Extension on Trade Through

By Gregory Bresiger

The SEC now says those hoping for relief from the trade through provisions of the Intermarket Trading System (ITS) will have a nine month extension of the exemption for exchange traded funds. The exemption had been slated to end last month.

Executives at electronic trading firms hailed the decision.

"This is an important step. It shows that the commission is starting to recognize the increasing importance of electronic trading," said Andrew Goldman, executive vice president for Island/Instinet and the firm's key Washington lobbyist.

The de minimis exemption - de minimis is a Latin term meaning small - allows ETFs to escape the trade through provisions provided they are "within three cents away from the best bid and offer quoted in the CQS [Consolidated Quote System]."

"The three cent de minimis exemption allows ITS participants and their members to execute transactions, through automated execution and otherwise, without attempting to access the quotes of other participants when the expected price improvement would not be significant," according to the SEC order.

The exemption, which permits trade throughs in the Nasdaq 100 Index ETF (QQQ), the Dow Jones Industrial Average and the S&P 500 Index funds, had been slated to expire on June 4. It is now extended to March 4, 2004, according to the SEC order.

"During this extended exemption period, the Commission intends to consider whether to adopt some other alternative solution, or to allow the exemption to expire," the SEC wrote. The SEC noted that the decision doesn't exempt firms from best execution obligations.

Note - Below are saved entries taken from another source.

(* Let $m\in\mathbb N$ and $j\in\{1,2\}$. Then $r(T_m',T_{m+1}^j)=2m-4$ if $m$ is odd and $m\ge 9$, and $r(T_m',T_{m+1}^j)=2m-5$ if $m$ is even and $m\ge 16$. Moreover, if $n\in\mathbb N$, $m\ge 7$, $n\ge\max\{m+2,\,19-m\}$ and $m-1\nmid (n-4)$, then $r(T_m',T_n^j)=m+n-5$.
   Context: All graphs are finite and simple; a graph "contains" $H$ if it has a subgraph isomorphic to $H$. For graphs $G_1,G_2$, the Ramsey number $r(G_1,G_2)$ is the smallest positive integer $N$ such that for every graph $G$ on $N$ vertices, either $G$ contains a copy of $G_1$ or the complement $\overline G$ contains a copy of $G_2$. For $n\ge 5$, $T_n^1$ is the tree with vertex set $\{v_0,\ldots,v_{n-1}\}$ and edges $v_0v_1,\ldots,v_0v_{n-3},v_{n-4}v_{n-2},v_{n-3}v_{n-1}$, and $T_n^2$ is the tree on the same vertex set with edges $v_0v_1,\ldots,v_0v_{n-3},v_{n-3}v_{n-2},v_{n-3}v_{n-1}$. For $m\ge 4$, $T_m'$ is the unique (up to isomorphism) tree on $m$ vertices with maximum degree $m-2$. *)

theory Defs
  imports Main
begin

type_synonym graph = "nat set \<times> nat set set"

definition all_pairs :: "nat set \<Rightarrow> nat set set" where
  "all_pairs V = {{u, v} | u v. u \<in> V \<and> v \<in> V \<and> u \<noteq> v}"

definition simple_graph :: "graph \<Rightarrow> bool" where
  "simple_graph G \<longleftrightarrow> finite (fst G) \<and> snd G \<subseteq> all_pairs (fst G)"

definition complement :: "graph \<Rightarrow> graph" where
  "complement G = (fst G, all_pairs (fst G) - snd G)"

definition contains :: "graph \<Rightarrow> graph \<Rightarrow> bool" where
  "contains G H \<longleftrightarrow> (\<exists>f. inj_on f (fst H) \<and> f ` fst H \<subseteq> fst G \<and>
                         (\<forall>e \<in> snd H. f ` e \<in> snd G))"

text \<open>Ramsey number: the least positive N such that every graph on N vertices
(w.l.o.g. on vertex set {0..<N}) contains G1 or its complement contains G2.\<close>
definition ramsey :: "graph \<Rightarrow> graph \<Rightarrow> nat" where
  "ramsey G1 G2 = (LEAST N. N > 0 \<and>
     (\<forall>E. simple_graph ({0..<N}, E) \<longrightarrow>
          contains ({0..<N}, E) G1 \<or> contains (complement ({0..<N}, E)) G2))"

definition T1 :: "nat \<Rightarrow> graph" where
  "T1 n = ({0..<n}, {{0, i} | i. 1 \<le> i \<and> i \<le> n - 3} \<union> {{n - 4, n - 2}, {n - 3, n - 1}})"

definition T2 :: "nat \<Rightarrow> graph" where
  "T2 n = ({0..<n}, {{0, i} | i. 1 \<le> i \<and> i \<le> n - 3} \<union> {{n - 3, n - 2}, {n - 3, n - 1}})"

definition Tj :: "nat \<Rightarrow> nat \<Rightarrow> graph" where
  "Tj j n = (if j = 1 then T1 n else T2 n)"

text \<open>T_m': the (unique up to isomorphism) tree on m vertices with maximum degree m-2:
a star with centre 0 and leaves 1..m-2, plus the vertex m-1 joined to the leaf 1.\<close>
definition Tprime :: "nat \<Rightarrow> graph" where
  "Tprime m = ({0..<m}, {{0, i} | i. 1 \<le> i \<and> i \<le> m - 2} \<union> {{1, m - 1}})"

end

theory Submission imports Defs begin

(* A vertex of degree >= m-1 has only leaves as neighbours, and the closed neighbourhood
   of a vertex of degree exactly m-2 is closed under adjacency; hence these closed
   neighbourhoods are disjoint blocks of m-1 vertices, and on the remaining vertices
   ("rest") all degrees are <= m-3.  When (m-1) does not divide N, or (for n = m+1 and
   m even) by a parity count of the edges inside the rest, some rest vertex u has small
   degree, and we embed T^1_n and T^2_n in the complement around u: either u has at least
   n-2 non-neighbours, or a double count of the edges between the neighbours and the
   non-neighbours of u provides the two extra complement edges.

   The disjoint union of an (m-3)-regular circulant graph and possibly a
   clique K_{m-1} contains no T'_m, and all its complement degrees are <= n-4, so its
   complement contains no T^j_n (whose centre has degree n-3). *)

definition nbr :: "nat set set \<Rightarrow> nat \<Rightarrow> nat set" where
  "nbr E x = {y. {x, y} \<in> E}"

definition non_nbr :: "nat set \<Rightarrow> nat set set \<Rightarrow> nat \<Rightarrow> nat set" where
  "non_nbr V E x = {y \<in> V. y \<noteq> x \<and> {x, y} \<notin> E}"

lemma all_pairs_iff: "{x, y} \<in> all_pairs V \<longleftrightarrow> x \<in> V \<and> y \<in> V \<and> x \<noteq> y"
  unfolding all_pairs_def by (auto simp: doubleton_eq_iff)

lemma all_pairs_mono: "V \<subseteq> W \<Longrightarrow> all_pairs V \<subseteq> all_pairs W"
  unfolding all_pairs_def by blast

lemma nbr_sym: "y \<in> nbr E x \<longleftrightarrow> x \<in> nbr E y"
  unfolding nbr_def by (simp add: insert_commute)

lemma nbr_subset: "simple_graph (V, E) \<Longrightarrow> nbr E x \<subseteq> V - {x}"
  unfolding nbr_def simple_graph_def using all_pairs_iff by auto

lemma nbr_in: "simple_graph (V, E) \<Longrightarrow> y \<in> nbr E x \<Longrightarrow> x \<in> V \<and> y \<in> V \<and> x \<noteq> y"
  using nbr_subset[of V E x] nbr_subset[of V E y] nbr_sym[of y E x] by blast

lemma finite_nbr: "simple_graph (V, E) \<Longrightarrow> finite (nbr E x)"
  using nbr_subset[of V E x] unfolding simple_graph_def by (auto intro: finite_subset)

lemma non_nbr_in: "z \<in> non_nbr V E x \<Longrightarrow> z \<in> V \<and> z \<noteq> x"
  by (auto simp: non_nbr_def)

lemma finite_non_nbr: "finite V \<Longrightarrow> finite (non_nbr V E x)"
  by (auto simp: non_nbr_def)

lemma non_nbr_eq: "x \<in> V \<Longrightarrow> non_nbr V E x = V - {x} - nbr E x"
  unfolding non_nbr_def nbr_def by auto

(* Each of the other N - 1 vertices is adjacent to x either in G or in its complement. *)
lemma card_non_nbr:
  assumes s: "simple_graph (V, E)" and x: "x \<in> V"
  shows "card (non_nbr V E x) = card V - 1 - card (nbr E x)"
proof -
  have f: "finite V" using s by (simp add: simple_graph_def)
  have "card (V - {x} - nbr E x) = card (V - {x}) - card (nbr E x)"
    using nbr_subset[OF s, of x] f by (intro card_Diff_subset) (auto intro: finite_subset)
  then show ?thesis using non_nbr_eq[OF x] x f by simp
qed

lemma nbr_not_non_nbr: "y \<in> nbr E x \<Longrightarrow> y \<notin> non_nbr V E x"
  by (simp add: nbr_def non_nbr_def)

lemma non_nbr_edge: "y \<in> non_nbr V E x \<Longrightarrow> x \<in> V \<Longrightarrow> {x, y} \<in> all_pairs V - E"
  unfolding non_nbr_def using all_pairs_iff by auto

lemma double_count:
  assumes "finite A" "finite B"
  shows "(\<Sum>a\<in>A. card (nbr E a \<inter> B)) = (\<Sum>b\<in>B. card (nbr E b \<inter> A))"
proof -
  have fa: "\<forall>a\<in>A. finite (nbr E a \<inter> B)" "\<forall>b\<in>B. finite (nbr E b \<inter> A)" using assms by auto
  have "(\<Sum>a\<in>A. card (nbr E a \<inter> B)) = card (SIGMA a:A. nbr E a \<inter> B)"
    using card_SigmaI[OF assms(1) fa(1)] by simp
  also have "(SIGMA a:A. nbr E a \<inter> B) = prod.swap ` (SIGMA b:B. nbr E b \<inter> A)"
    using nbr_sym by (auto simp: image_iff)
  also have "card \<dots> = card (SIGMA b:B. nbr E b \<inter> A)"
    by (rule card_image) (simp add: inj_on_def)
  also have "\<dots> = (\<Sum>b\<in>B. card (nbr E b \<inter> A))"
    using card_SigmaI[OF assms(2) fa(2)] by simp
  finally show ?thesis .
qed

Several trading executives also told Traders Magazine that they hope that the SEC will go further. "The three cent de minimis rule is an incremental step in breaking down one of the inefficiencies of the inter-market trading in active EFTs," according to Jenny Drake, a market structure specialist with ArcaEx.

"Ultimately, we believe investors will benefit from more significant reform - to the many rules and procedures that govern inter-market trading in listed securities," Drake said. Many trading executives hope that the SEC will make the trade through exemption permanent next year.